| From: James Knott via talk <talk@gtalug.org>
| On 08/01/2016 05:27 PM, D. Hugh Redelmeier via talk wrote: | > So the original problem remains: how can TP-Link prevent existing | > hardware from generating too strong signals if it cannot control the | > firmware? | | The limits might be hard coded elsewhere.
No, they are not. That's the problem:
1) FCC has made a new rule that manufacturers are to prevent customers from breaking the signal strength limitations. They've had such rules for a while, but on home routers, adding power causes more interference and cross-talk, so sane vendors tend to keep
[In-line comments] On 01/08/16 10:19 PM, D. Hugh Redelmeier via talk wrote: their power low. Some few will try reducing power when they see interference. TP-Link seems to have shipped with an illegal power setting straight from the factory.
2) current and past hardware is "dumb" and depends on software to do correct configuration (sensible from an engineering standpoint)
Bonus complexity: the power limits and channel frequencies depend on the country you are currently in. If the device has to enforce this then it needs to know the country and probably not trust the user to get it right. Second best: sell a different model in each country.
The open source codebases typically uses the Linux CRDA mechanism, which is cryptographically signed by the kernel maintainer, John Linville, and allows the owner to set the country, which in turn sets the power, channels allowed and radar sensitivity . See http://linux.die.net/man/8/crda and https://wireless.wiki.kernel.org/en/developers/Regulatory
Alternative solutions:
a) customers must not be allowed to replace the software (pretty easy and cheap; works on existing hardware)
b) new hardware with "smart" radios that know not to accept violating parameters (this requires a new geofneration of devices, ones that are more complicated and likely more expensive; probably one device per jurisdiction).

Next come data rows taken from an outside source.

(* Let $m_1,m_2,m_3,m_4>0$, $M=\sum m_i$, and for $\mathbf{r}=(r_{12},r_{13},r_{14},r_{23},r_{24},r_{34})$ let $U(\mathbf{r})=\sum_{i<j}\frac{m_im_j}{r_{ij}}$, $I(\mathbf{r})=\frac{1}{2M}\sum_{i<j}m_im_jr_{ij}^2$, $P(\mathbf{r})=r_{12}r_{34}+r_{14}r_{23}-r_{13}r_{24}$, and $\mathcal{M}^+=\{\mathbf{r}\in[0,\infty)^6: I(\mathbf{r})=1,\ P(\mathbf{r})=0\}$. Then the function $U|_{\mathcal{M}^+}$ has a unique critical point on $\mathcal{M}^+$.
   Context: $U=+\infty$ where some $r_{ij}=0$ (the boundary of $\mathcal{M}^+$); the set of points of $\mathcal{M}^+$ with all $r_{ij}>0$ is a smooth 4-dimensional manifold, and a critical point of $U|_{\mathcal{M}^+}$ is a point there at which the gradient of $U$ is a linear combination of the gradients of $I$ and $P$. *)

theory Defs
  imports "HOL-Analysis.Analysis" "HOL-Library.Numeral_Type"
begin

text \<open>Configurations of mutual distances: r :: real^6 with
  r$1 = r12, r$2 = r13, r$3 = r14, r$4 = r23, r$5 = r24, r$6 = r34.\<close>

definition Upot :: "real \<Rightarrow> real \<Rightarrow> real \<Rightarrow> real \<Rightarrow> real^6 \<Rightarrow> real" where
  "Upot m1 m2 m3 m4 r =
     m1*m2 / r$1 + m1*m3 / r$2 + m1*m4 / r$3 + m2*m3 / r$4 + m2*m4 / r$5 + m3*m4 / r$6"

definition Imom :: "real \<Rightarrow> real \<Rightarrow> real \<Rightarrow> real \<Rightarrow> real^6 \<Rightarrow> real" where
  "Imom m1 m2 m3 m4 r = (1 / (2 * (m1 + m2 + m3 + m4))) *
     (m1*m2*(r$1)^2 + m1*m3*(r$2)^2 + m1*m4*(r$3)^2 + m2*m3*(r$4)^2 + m2*m4*(r$5)^2 + m3*m4*(r$6)^2)"

definition Pcay :: "real^6 \<Rightarrow> real" where
  "Pcay r = r$1 * r$6 + r$3 * r$4 - r$2 * r$5"

definition Mplus :: "real \<Rightarrow> real \<Rightarrow> real \<Rightarrow> real \<Rightarrow> (real^6) set" where
  "Mplus m1 m2 m3 m4 = {r. (\<forall>i. 0 \<le> r$i) \<and> Imom m1 m2 m3 m4 r = 1 \<and> Pcay r = 0}"

definition crit_point :: "real \<Rightarrow> real \<Rightarrow> real \<Rightarrow> real \<Rightarrow> real^6 \<Rightarrow> bool" where
  "crit_point m1 m2 m3 m4 r \<longleftrightarrow>
     r \<in> Mplus m1 m2 m3 m4 \<and> (\<forall>i. 0 < r$i) \<and>
     (\<exists>DU DI DP a b.
        (Upot m1 m2 m3 m4 has_derivative DU) (at r) \<and>
        (Imom m1 m2 m3 m4 has_derivative DI) (at r) \<and>
        (Pcay has_derivative DP) (at r) \<and>
        (\<forall>h. DU h = a * DI h + b * DP h))"

end

theory Submission
  imports Defs
begin

text \<open>
  At a critical point r the Lagrange equations -m_ij / r_ij^2 = a m_ij r_ij + b dP/dr_ij force
  both multipliers to be non-positive: a < 0 by Euler's identity for the homogeneous U, I, P,
  and b \<le> 0 because b > 0 would give r_13 r_24 < r_12 r_34, contradicting P(r) = 0.
  Writing any other positive point of M+ as s_ij = r_ij exp t_ij, the potential is strictly
  convex in t, the constraint I(s) = I(r) gives \<Sum> m_ij r_ij^2 t_ij \<le> 0, and P(s) = 0 gives
  \<Sum> r_ij (dP/dr_ij) t_ij \<le> 0 by concavity of ln. With the signs of a and b this makes r the
  strict minimum of U on the positive part of M+, so two critical points cannot coexist.

  For existence, U + M I is coercive on the positive part of {P = 0} and attains a minimum
  there. Solving P = 0 for r_24 turns it into an unconstrained minimum, whose vanishing gradient
  is a Lagrange equation; since U, I, P are homogeneous of degrees -1, 2, 2, rescaling moves
  this point onto I = 1.
\<close>

lemma exhaust_6: "x = 1 \<or> x = 2 \<or> x = 3 \<or> x = 4 \<or> x = 5 \<or> x = 6" for x :: 6
proof (induct x)
  case (of_int z)
  then have "z = 0 \<or> z = 1 \<or> z = 2 \<or> z = 3 \<or> z = 4 \<or> z = 5" by fastforce
  then show ?case by auto
qed

lemma UNIV_6: "(UNIV :: 6 set) = {1, 2, 3, 4, 5, 6}"
  using exhaust_6 by blast

lemma sum_6: "(\<Sum>i\<in>UNIV. f i) = f 1 + f 2 + f 3 + f 4 + f 5 + f 6"
  for f :: "6 \<Rightarrow> 'a::comm_monoid_add"
  unfolding UNIV_6 by (simp add: ac_simps)

lemma has_derivative_vec_nth [derivative_intros]:
  "((\<lambda>x. x $ i) has_derivative (\<lambda>h. h $ i)) F"
  by (rule bounded_linear_imp_has_derivative[OF bounded_linear_vec_nth])

lemma eventually_at_positive:
  fixes z :: "real^'n"
  assumes "\<forall>i. 0 < z$i"
  shows "\<forall>\<^sub>F x in at z. \<forall>i. 0 < x$i"
proof (rule eventually_all_finite)
  show "\<forall>\<^sub>F x in at z. 0 < x$i" for i
    using assms by (intro order_tendstoD(1)[OF tendsto_vec_nth[OF tendsto_ident_at]]) auto
qed

lemma ln_less_minus_one: "0 < x \<Longrightarrow> x \<noteq> 1 \<Longrightarrow> ln x < x - 1"
  for x :: real
  using ln_le_minus_one ln_eq_minus_one by fastforce

lemma ln_weighted_mean_ge:
  fixes p q u v :: real
  assumes "0 < p" "0 < q" "0 < u" "0 < v"
  shows "p * ln u + q * ln v \<le> (p + q) * ln ((p * u + q * v) / (p + q))"
proof -
  have t: "1 - q / (p + q) = p / (p + q)"
    using assms by (simp add: field_simps)
  have "p / (p + q) * ln u + q / (p + q) * ln v \<le> ln (p / (p + q) * u + q / (p + q) * v)"
    using concave_onD[OF ln_concave, of "q / (p + q)" u v] assms by (simp add: t)
  also have "p / (p + q) * u + q / (p + q) * v = (p * u + q * v) / (p + q)"
    by (simp add: add_divide_distrib)
  finally have "(p * ln u + q * ln v) / (p + q) \<le> ln ((p * u + q * v) / (p + q))"
    by (simp add: add_divide_distrib)
  then show ?thesis
    using assms by (simp add: pos_divide_le_eq mult.commute)
qed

We do this in software, using the CRDA for good stuff and fixed tables in some proprietary crap. Almost all wi-fi chips are "thin" and require everything to be done in software by the controlling CPU.

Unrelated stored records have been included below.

lemma three_colorable_word_representable:
  assumes "simple_graph V E" "\<forall>z\<in>V. col z < 3" "\<forall>e\<in>E. \<not> monochromatic col e"
  shows "word_representable V E"
proof -
  have "finite V"
    using assms(1) by (simp add: simple_graph_def)
  then obtain xs where xs: "set xs = V" "distinct xs"
    using finite_distinct_list by blast
  have adjacent_iff: "{x, y} \<in> E \<longleftrightarrow> distinct_adj (pair_proj x y (coloring_word col E xs))"
    if "x \<in> V" "y \<in> V" "x \<noteq> y" "col x \<le> col y" for x y
  proof (cases "col x = col y")
    case True
    then show ?thesis
      using that assms(3) xs coloring_word_same_color by fastforce
  next
    case False
    then show ?thesis
      using that assms(2) xs coloring_word_edge coloring_word_non_edge
      by (metis order_le_neq_trans)
  qed
  have "represents (coloring_word col E xs) V E"
    unfolding represents_def alternate_iff_distinct_adj
  proof (intro conjI ballI impI)
    show "set (coloring_word col E xs) = V"
      by (simp add: set_coloring_word xs(1))
    fix x y assume "x \<in> V" "y \<in> V" "x \<noteq> y"
    then show "{x, y} \<in> E \<longleftrightarrow> distinct_adj (pair_proj x y (coloring_word col E xs))"
      using adjacent_iff[of x y] adjacent_iff[of y x]
      by (cases "col x \<le> col y") (auto simp: insert_commute pair_proj_commute)
  qed
  with assms(1) show ?thesis
    by (auto simp: word_representable_def)
qed

lemma complete_graph_word_representable:
  assumes "finite V"
  shows "word_representable V {e. e \<subseteq> V \<and> card e = 2}"
proof -
  obtain xs where xs: "set xs = V" "distinct xs"
    using assms finite_distinct_list by blast
  have "represents xs V {e. e \<subseteq> V \<and> card e = 2}"
    unfolding represents_def alternate_iff_distinct_adj
  proof (intro conjI ballI impI)
    fix x y assume "x \<in> V" "y \<in> V" "x \<noteq> y"
    then have "pair_proj x y xs = [x, y] \<or> pair_proj x y xs = [y, x]"
      using xs by (intro pair_proj_distinct) auto
    with \<open>x \<in> V\<close> \<open>y \<in> V\<close> \<open>x \<noteq> y\<close>
    show "{x, y} \<in> {e. e \<subseteq> V \<and> card e = 2} \<longleftrightarrow> distinct_adj (pair_proj x y xs)"
      by auto
  qed fact
  with assms show ?thesis
    by (auto simp: word_representable_def simple_graph_def)
qed

lemma ex_word_representable_subgraph_third:
  assumes "simple_graph V E"
  shows "\<exists>F\<subseteq>E. word_representable V F \<and> 3 * card (E - F) \<le> card E"
proof -
  obtain col where col: "\<forall>z. col z < (3::nat)" "3 * card {e\<in>E. monochromatic col e} \<le> card E"
    using ex_coloring_few_monochromatic[OF assms, of 3] by auto
  define F where "F = {e\<in>E. \<not> monochromatic col e}"
  have "word_representable V F"
    using assms col(1)
    by (intro three_colorable_word_representable) (auto simp: F_def simple_graph_def)
  moreover have "E - F = {e\<in>E. monochromatic col e}"
    by (auto simp: F_def)
  moreover have "F \<subseteq> E"
    by (auto simp: F_def)
  ultimately show ?thesis
    using col(2) by metis
qed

c) some kind of sandboxing of user-supplied firmware. This seems to be mentioned in the article. This is probably the most complicated solution. It would probably increase the engineering and manufacturing cost, all for a small minority of customers. And it actually limits the reach of the third party firmware in unintended ways.

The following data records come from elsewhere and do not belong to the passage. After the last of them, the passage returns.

lemma in_span_mod_standard_below:
  fixes I :: "((nat \<Rightarrow>\<^sub>0 nat) \<Rightarrow>\<^sub>0 'a::field) set"
  assumes I: "poly_subspace I" and IV: "I \<subseteq> polys_on V" and V: "finite V" and S: "finite S"
    and std: "\<And>m. lex_standard V I m \<Longrightarrow> lex_less m tp \<Longrightarrow> m \<in> S"
  shows "m \<in> mons_on V \<Longrightarrow> lex_less m tp \<Longrightarrow> in_span_mod I S (Poly_Mapping.single m 1)"
proof (induction m rule: wf_induct_rule[OF wf_lex_less_mons_on[OF V]])
  case (1 m)
  show ?case
  proof (cases "lex_standard V I m")
    case True
    then show ?thesis
      using std 1 S by (simp add: in_span_mod_single[OF I])
  next
    case False
    then obtain f where "f \<in> I" and lm: "lex_lm f m"
      using 1 by (auto simp: lex_standard_def)
    have others: "in_span_mod I S (Poly_Mapping.single k 1)"
      if "k \<in> Poly_Mapping.keys f" "k \<noteq> m" for k
    proof -
      have "lex_less k m"
        using lm that by (auto simp: lex_lm_def)
      moreover have "k \<in> mons_on V"
        using IV \<open>f \<in> I\<close> that by (auto simp: polys_on_def)
      ultimately show ?thesis
        using 1 lex_less_trans by blast
    qed
    from lm have "m \<in> Poly_Mapping.keys f"
      by (simp add: lex_lm_def)
    then show ?thesis
      using others by (rule in_span_mod_key[OF I \<open>f \<in> I\<close>])
  qed
qed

The FCC asked for cryptographically signed safety-critical software bits: we have part of that, but the vendors and WRT folks may need to do more, and perhaps get regulatory approval for the CRDA in general.
z) ignore the FCC.
Only (a) can be retrofitted on existing hardware. TP-Link did the obvious thing. I hate it (as a customer who actually bought one of their devices to run OpenWRT). But it really is a choice between (a) and (z) on existing devices.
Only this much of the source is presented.